Friday, February 13, 2009

Bark, Bugs, Lizards, and Leaves.

Vignettes of My Birthday Dinner.

But first, a product review! I bought Green's All Natural Tripel Blonde Ale without realizing that it does not contain, according to the label:

"...any of the following: Wheat and/or Barley, Crustaceans (whew! -Ed.), Eggs, Fish, Peanuts, Soya beans, Milk, Lactose, Nuts, Celery (what about that great Boulevard Celery Beer? -Ed.), Mustard, Sesame Seeds, Sulphur dioxide and Sulfites."
This beer sucks. It starts out tasting a little like a lambec, because it's laid on lees and is, duh, Belgian. It has a nice light body, true, but a strange bitter aftertaste that has nothing in the world to do with hops. Rather than sitting up against your palate the way hoppiness does, this particular bitterness (which is probably due to the rice used to brew this..."beer") sits on the back of your tongue, along either side, and ruins your taste for the following things:

1. Triple cream cheese.
2. Salametto (dry salami) (more about this in a minute)
3. Danish butter. DANISH BUTTER!!!
4. Really good bread.

Oh, and strawberries. Which Chef Boy asked me to bring out of the 'fridge. When I reminded him to wash them prior to eating them, he told me he never washes strawberries. I told him, "I don't mind eating dead smoked raw pig covered in mold, but I have to draw the line somewhere in the safety department!"
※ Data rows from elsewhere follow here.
(* Let $\alpha\in(0,\pi/2)$ with $\alpha\ne\pi/4$. The system $\{v_{nk}^0\}_{n\in\mathbb N,\,k=1,\dots,4}$ defined by $$v_{n1}^0(t)=\begin{bmatrix}-\tfrac12\tan2\alpha\,\cos(n-1+\tfrac\alpha\pi)t\\ \sin(n-1+\tfrac\alpha\pi)t\end{bmatrix},\quad v_{n2}^0(t)=\begin{bmatrix}\tfrac12\tan2\alpha\,\cos(n-\tfrac\alpha\pi)t\\ \sin(n-\tfrac\alpha\pi)t\end{bmatrix},$$ $$v_{n3}^0(t)=\begin{bmatrix}0\\ \sin(n-\tfrac12)t\end{bmatrix},\quad v_{n4}^0(t)=\begin{bmatrix}0\\ \sin nt\end{bmatrix},\qquad n\in\mathbb N,$$ is a Riesz basis in the real Hilbert space $\mathcal H=L_2(0,2\pi)\oplus L_2(0,2\pi)$.
   Context: In the paper $\alpha=\arccos\sqrt{p/m}$ with integers $2\le p\le m-2$, $2p\ne m$, which gives $\alpha\in(0,\pi/2)\setminus\{\pi/4\}$. $\mathcal H$ has inner product $(g,h)_{\mathcal H}=\int_0^{2\pi}(g_1h_1+g_2h_2)\,dt$. *)

theory Defs
  imports "HOL-Analysis.Analysis"
begin

definition sq_int :: "(real \<Rightarrow> real) \<Rightarrow> bool" where
  "sq_int f \<longleftrightarrow> set_borel_measurable lebesgue {0..2*pi} f \<and>
     set_integrable lebesgue {0..2*pi} (\<lambda>t. (f t)\<^sup>2)"

definition inH :: "(real \<Rightarrow> real \<times> real) \<Rightarrow> bool" where
  "inH f \<longleftrightarrow> sq_int (\<lambda>t. fst (f t)) \<and> sq_int (\<lambda>t. snd (f t))"

definition Hnorm2 :: "(real \<Rightarrow> real \<times> real) \<Rightarrow> real" where
  "Hnorm2 f = (LINT t:{0..2*pi}|lebesgue. (fst (f t))\<^sup>2 + (snd (f t))\<^sup>2)"

definition riesz_basis_H :: "'i set \<Rightarrow> ('i \<Rightarrow> real \<Rightarrow> real \<times> real) \<Rightarrow> bool" where
  "riesz_basis_H I e \<longleftrightarrow>
     (\<forall>i\<in>I. inH (e i)) \<and>
     (\<forall>h. inH h \<longrightarrow> (\<forall>\<epsilon>>0. \<exists>F c. finite F \<and> F \<subseteq> I \<and>
          Hnorm2 (\<lambda>t. h t - (\<Sum>i\<in>F. c i *\<^sub>R e i t)) < \<epsilon>)) \<and>
     (\<exists>A B. 0 < A \<and> 0 < B \<and>
        (\<forall>F c. finite F \<longrightarrow> F \<subseteq> I \<longrightarrow>
           A * (\<Sum>i\<in>F. (c i)\<^sup>2) \<le> Hnorm2 (\<lambda>t. \<Sum>i\<in>F. c i *\<^sub>R e i t) \<and>
           Hnorm2 (\<lambda>t. \<Sum>i\<in>F. c i *\<^sub>R e i t) \<le> B * (\<Sum>i\<in>F. (c i)\<^sup>2)))"

definition v0 :: "real \<Rightarrow> nat \<times> nat \<Rightarrow> real \<Rightarrow> real \<times> real" where
  "v0 \<alpha> nk t = (let n = real (fst nk); k = snd nk in
     if k = 1 then (- (1/2) * tan (2*\<alpha>) * cos ((n - 1 + \<alpha>/pi) * t), sin ((n - 1 + \<alpha>/pi) * t))
     else if k = 2 then ((1/2) * tan (2*\<alpha>) * cos ((n - \<alpha>/pi) * t), sin ((n - \<alpha>/pi) * t))
     else if k = 3 then (0, sin ((n - 1/2) * t))
     else (0, sin (n * t)))"

end

theory Submission
  imports Defs
begin
section \<open>Modified balanced partitions as corner chains\<close>

text \<open>The bound on the largest part in the definition is implied by the other conditions.\<close>
lemma modified_balanced_iff_frobenius:
  "modified_balanced n lam \<longleftrightarrow> is_partition lam \<and> length lam = n \<and>
     (\<forall>i. 1 \<le> i \<and> i \<le> durfee lam \<longrightarrow> frob_a lam i < frob_b lam i)"
proof (cases "is_partition lam \<and> length lam = n")
  case True
  then have len: "length lam = n"
    by simp
  from True have square: "1 \<le> i \<Longrightarrow> i \<le> n \<and> i \<le> part lam i \<longleftrightarrow> i \<le> durfee lam" for i
    using le_durfee_iff[of lam i] durfee_le_length[of lam] by auto
  have balanced: "part lam i < conjpart lam i \<longleftrightarrow> frob_a lam i < frob_b lam i"
    if "1 \<le> i" and "i \<le> durfee lam" for i
    using that le_durfee_iff[of lam i] le_durfee_iff_le_conjpart[of lam i] True
    unfolding frob_a_def frob_b_def by auto
  have "part lam 1 \<le> n - 1" if "\<forall>i. 1 \<le> i \<and> i \<le> durfee lam \<longrightarrow> frob_a lam i < frob_b lam i"
  proof (cases "durfee lam = 0")
    case True
    then show ?thesis
      using square[of 1] part_beyond_length[of lam 1] len by (cases n) auto
  next
    case False
    then have "part lam 1 < conjpart lam 1"
      using that balanced[of 1] by simp
    then show ?thesis
      using conjpart_le_length[of lam 1] len by simp
  qed
  with True show ?thesis
    unfolding modified_balanced_def using square balanced by blast
qed (auto simp: modified_balanced_def)

definition frobenius_corners :: "nat list \<Rightarrow> (nat \<times> nat) list" where
  "frobenius_corners lam = map (\<lambda>i. (frob_b lam i, frob_a lam i + 1)) (rev [1..<Suc (durfee lam)])"

lemma corner_word_map_rev_upt:
  "corner_word (f (Suc m)) (map f (rev [1..<Suc m]) @ vs) =
     concat (map (\<lambda>i. replicate (fst (f i) - fst (f (i + 1))) N @
                      replicate (snd (f i) - snd (f (i + 1))) E) (rev [1..<Suc m]))
     @ corner_word (f 1) vs"
  by (induct m) simp_all

lemma mbp_word_eq_corner_path: "mbp_word n lam = corner_path n (frobenius_corners lam)"
proof (cases "durfee lam")
  case 0
  then show ?thesis
    by (simp add: mbp_word_def corner_path_def frobenius_corners_def)
next
  case (Suc m)
  define f where "f i = (frob_b lam i, frob_a lam i + 1)" for i
  have "frobenius_corners lam = f (Suc m) # map f (rev [1..<Suc m])"
    by (simp add: frobenius_corners_def f_def Suc)
  then show ?thesis
    using corner_word_map_rev_upt[of f m "[(n, n)]"]
    by (simp add: corner_path_def mbp_word_def Let_def Suc f_def)
qed

lemma frobenius_corners_mem_corner_lists:
  assumes "modified_balanced n lam"
  shows "frobenius_corners lam \<in> corner_lists n"
proof -
  have part: "is_partition lam" and len: "length lam = n"
    and balanced: "\<And>i. 1 \<le> i \<Longrightarrow> i \<le> durfee lam \<Longrightarrow> frob_a lam i < frob_b lam i"
    using assms by (simp_all add: modified_balanced_iff_frobenius)
  have "strict_chain (0, 0) (frobenius_corners lam)"
    unfolding frobenius_corners_def strict_chain_map_rev_upt
    using balanced[of "durfee lam"] frob_strict_antimono[OF part] by fastforce
  moreover have "frob_b lam i < n" if "1 \<le> i" and "i \<le> durfee lam" for i
    using that conjpart_le_length[of lam i] durfee_le_length[of lam] len
    unfolding frob_b_def by linarith
  ultimately show ?thesis
    unfolding corner_lists_def frobenius_corners_def using balanced by fastforce
qed

lemma inj_on_frobenius_corners: "inj_on frobenius_corners {lam. modified_balanced n lam}"
proof (rule inj_onI)
  fix lam mu
  assume "lam \<in> {lam. modified_balanced n lam}" and "mu \<in> {lam. modified_balanced n lam}"
    and corners: "frobenius_corners lam = frobenius_corners mu"
  then have "is_partition lam" "is_partition mu" "length lam = length mu"
    by (simp_all add: modified_balanced_iff_frobenius)
  moreover have durfee: "durfee lam = durfee mu"
    using arg_cong[OF corners, of length] by (simp add: frobenius_corners_def del: upt_Suc)
  moreover have "frob_a lam i = frob_a mu i \<and> frob_b lam i = frob_b mu i"
    if "1 \<le> i" and "i \<le> durfee lam" for i
    using corners that durfee by (auto simp: frobenius_corners_def map_eq_conv)
  ultimately show "lam = mu"
    by (rule partition_eqI_frobenius)
qed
Because Salametto is dry dead smoked raw pork. And fat. And various other things (which the manufacturer assures me make up less than two percent of the total ingredients by weight), all covered in mold, all of which combine to make something that, as CB said, "tastes like it's been hanging in a seventh-century church in Italy with doddering old men looking after it."

Then we noticed the label. It was made in Berkeley. But I'm sure it was smoked over burning Birkenstocks.

By the way, if you have to eat only one butter for the rest of your life, make it Danish butter. Spread it on thick enough that you can see toothmarks in it, then call your cardiologist. Because, my friends, Danish butter is made from cultured cream with just a tiny bit of salt. You don't want to use it for cooking, unless you're making something that you want to taste mostly of butter, but DAMN is it good for just plain eating.

And now I'm going off to finish my bottle of POP and eat some of the chocolate miniature omigod cheesecake that CB keeps pushing on me, even though I'm not all that fond of chocolate. I have a pound and a half of tiramisu waiting for me, after all.